Up to and including the line containing "proof (intro has_vector_derivative_mult_right", set down each line of the entries below exactly, starting from the first, and leave out the rest.

┏━━

lemma has_vector_derivative_Integ_t:
  assumes K: "Cm m K" and P: "Cm m P" and adm: "admissible p q (Integ c a b)"
    and pq: "p \<le> m" "q < m" and s: "s \<in> Ivl" and t: "t \<in> Ivl"
  shows "((\<lambda>t'. eval_kterm K P (Integ c a b) s t') has_vector_derivative
          eval_kterms K P (deriv_kterm False (Integ c a b)) s t) (at t within Ivl)"
proof -
  have ab: "a \<le> m" "b < m" using adm pq by auto
  define G where "G = (\<lambda>z x. mixed a 0 K s x * mixed 0 b P x z)"
  define Gd where "Gd = (\<lambda>z x. mixed a 0 K s x * mixed 0 (Suc b) P x z)"
  have "((\<lambda>z. of_int c * oint z s (G z)) has_vector_derivative of_int c * (- G t t + oint t s (Gd t)))
      (at t within Ivl)"
  proof (intro has_vector_derivative_mult_right has_vector_derivative_oint_lower[OF _ _ _ s t])
    show "continuous_on (Ivl \<times> Ivl) (\<lambda>p. G (fst p) (snd p))"
      "continuous_on (Ivl \<times> Ivl) (\<lambda>p. Gd (fst p) (snd p))" unfolding G_def Gd_def
      by (intro continuous_intros continuous_on_kernel_compose[OF Cm_continuous_mixed[OF K]]
          continuous_on_kernel_compose[OF Cm_continuous_mixed[OF P]]; use ab s in force)+
    show "((\<lambda>z'. G z' x) has_vector_derivative Gd z x) (at z within Ivl)" if "z \<in> Ivl" "x \<in> Ivl" for z x
      unfolding G_def Gd_def
      by (rule has_vector_derivative_mult_right, rule Cm_has_dt_mixed[OF P]) (use ab that in auto)
  qed
  thus ?thesis by (simp add: G_def Gd_def pick_def algebra_simps)
qed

┗━━

§ **Task output**:
lemma has_vector_derivative_Integ_t:
  assumes K: "Cm m K" and P: "Cm m P" and adm: "admissible p q (Integ c a b)"
    and pq: "p \<le> m" "q < m" and s: "s \<in> Ivl" and t: "t \<in> Ivl"
  shows "((\<lambda>t'. eval_kterm K P (Integ c a b) s t') has_vector_derivative
          eval_kterms K P (deriv_kterm False (Integ c a b)) s t) (at t within Ivl)"
proof -
  have ab: "a \<le> m" "b < m" using adm pq by auto
  define G where "G = (\<lambda>z x. mixed a 0 K s x * mixed 0 b P x z)"
  define Gd where "Gd = (\<lambda>z x. mixed a 0 K s x * mixed 0 (Suc b) P x z)"
  have "((\<lambda>z. of_int c * oint z s (G z)) has_vector_derivative of_int c * (- G t t + oint t s (Gd t)))
      (at t within Ivl)"
  proof (intro has_vector_derivative_mult_right has_vector_derivative_oint_lower[OF _ _ _ s t])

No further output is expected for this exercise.